Renzo Novatore was an important individualist anarchist who collaborated in numerous anarchist journals and participated in futurism avant-garde currents. Novatore collaborated in the individualist anarchist journal Iconoclasta! alongside the young stirnerist illegalist Bruno Filippi Novatore belonged to the leftist section of the avant-garde movement of Futurism alongside other individualist anarcho-futurists such as Dante Carnesecchi, Leda Rafanelli, Auro d'Arcola, and Giovanni Governato.

Pietro Bruzzi published the journal L'Individualista in the 1920s alongside Ugo Fedeli and Francesco Ghezzi but who fell to fascist forces later. Pietro Bruzzi also collaborated with the Italian American individualist anarchist publication Eresia of New York City edited by Enrico Arrigoni.

The Fascist regime and afterwards 
When the war ended, USI peaked in numbers (it was during this time that it joined the IWA, becoming known as the USI-AIT). It became a major opponent of Benito Mussolini and the Fascist regime, fighting street battles with the Blackshirts – culminating in the August 1922 riots of Parma, when the USI-AIT faced Italo Balbo and his Arditi.

USI-AIT was outlawed by Mussolini in 1926, but resumed its activities in clandestinity and exile. It fought against Francisco Franco in the Spanish Civil War, alongside the Confederación Nacional del Trabajo and Federación Anarquista Ibérica, and took part in the Spanish Revolution. After World War II and the proclamation of the Republic, former members of the union followed the guidelines of the Federazione Anarchica Italiana that called for the creation of a unitary movement, and joined the Confederazione Generale Italiana del Lavoro (CGIL).

The prominent Italian anarchist Camillo Berneri, who volunteered to fight against Franco was killed instead in Spain by gunmen associated with the Communist Party of Spain.

Postwar years and today

In the immediate postwar years there existed failed attempts at a resurgence of anarchosyndicalism. The Italian Anarchist Federation was founded in 1945 in Carrara. It adopted an "Associative Pact" and the "Anarchist Program" of Errico Malatesta. It decided to publish the weekly Umanità Nova retaking the name of the journal published by Errico Malatesta.

Inside the FAI a tendency grouped as (GAAP – Anarchist Groups of Proletarian Action) led by Pier Carlo Masini was founded which "proposed a Libertarian Party with an anarchist theory and practice adapted to the new economic, political and social reality of post-war Italy, with an internationalist outlook and effective presence in the workplaces...The GAAP allied themselves with a similar development within the French Anarchist movement, the Federation Communiste Libertaire, whose leading light was Georges Fontenis."
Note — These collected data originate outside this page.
(* Fix $k\in\mathbb{N}$ and let $\alpha=\alpha(n)\in(0,\infty)$. If $\alpha\to\infty$ and $\alpha/\sqrt{n}\to 0$ as $n\to\infty$, then $d_{TV}(M_{n,k}^{\alpha},M_{n,k}^{\infty})\to 1$ as $n\to\infty$.
   Context: A $k$-out map on $[n]$ is a map $M:[n]\to[n]^k$, viewed as a digraph on $[n]$ in which each vertex has $k$ out-arcs labeled $1,\dots,k$; $\mathcal{M}_{n,k}$ denotes the set of all such maps. The in-degree $d_j$ of vertex $j$ is the total number of coordinates, over all vertices $i$ and all $k$ labels, of $M(i)$ equal to $j$ (so $d_1+\dots+d_n=kn$). For $\alpha\in(0,\infty)$, the random $k$-out map $M_{n,k}^{\alpha}$ is generated by inserting $kn$ out-arcs, $k$ per vertex: every vertex starts with weight $\alpha$; at each step a vertex whose out-degree is below $k$ picks its next image $j$ with probability proportional to the current weight of $j$, and the weight of $j$ then increases by $1$. Its law is $P(M_{n,k}^{\alpha}=M)=\prod_{j=1}^n \alpha^{\overline{d_j}}/(\alpha n)^{\overline{kn}}$, where $(d_1,\dots,d_n)$ is the in-degree sequence of $M$ and $x^{\overline{y}}=x(x+1)\cdots(x+y-1)$. $M_{n,k}^{\infty}$ denotes the uniformly random element of $\mathcal{M}_{n,k}$ (probability $n^{-kn}$ each). $d_{TV}(M_{n,k}^{\alpha},M_{n,k}^{\infty})=\sup_{\mathcal{A}\subseteq\mathcal{M}_{n,k}}|P(M_{n,k}^{\alpha}\in\mathcal{A})-P(M_{n,k}^{\infty}\in\mathcal{A})|$. *)

theory Defs
  imports "HOL-Analysis.Analysis"
begin

text \<open>k-out maps on [n] = {1..n}: M i l is the l-th image of vertex i
  (i in {1..n}, l in {1..k}); extensional outside this domain.\<close>
definition kout_maps :: "nat \<Rightarrow> nat \<Rightarrow> (nat \<Rightarrow> nat \<Rightarrow> nat) set" where
  "kout_maps n k = ({1..n} \<rightarrow>\<^sub>E ({1..k} \<rightarrow>\<^sub>E {1..n}))"

definition indeg :: "nat \<Rightarrow> nat \<Rightarrow> (nat \<Rightarrow> nat \<Rightarrow> nat) \<Rightarrow> nat \<Rightarrow> nat" where
  "indeg n k M j = card {(i, l). i \<in> {1..n} \<and> l \<in> {1..k} \<and> M i l = j}"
Another tendency which didn't identify either with the more classical FAI or with the GAAP started to emerge as local groups. These groups emphasized direct action, informal affinity groups and expropriation for financing anarchist activity. From within these groups the influential insurrectionary anarchist Alfredo Maria Bonanno will emerge influenced by the practice of the Spanish exiled anarchist Josep Lluís i Facerias.

In the IX Congress of the Italian Anarchist Federation in Carrara, 1965 a group decided to split off from this organization and creates the Gruppi di Iniziativa Anarchica which was mostly composed of individualist anarchists who disagreed with important aspects of the "Associative Pact" and was critical of anarcho-syndicalism. The GIA published the bi-weekly L'Internazionale. Another group split off from the Anarchist Federation and regrouped as Gruppi Anarchici Federati. The GAF later starts publishing Interrogations and A Rivista Anarchica.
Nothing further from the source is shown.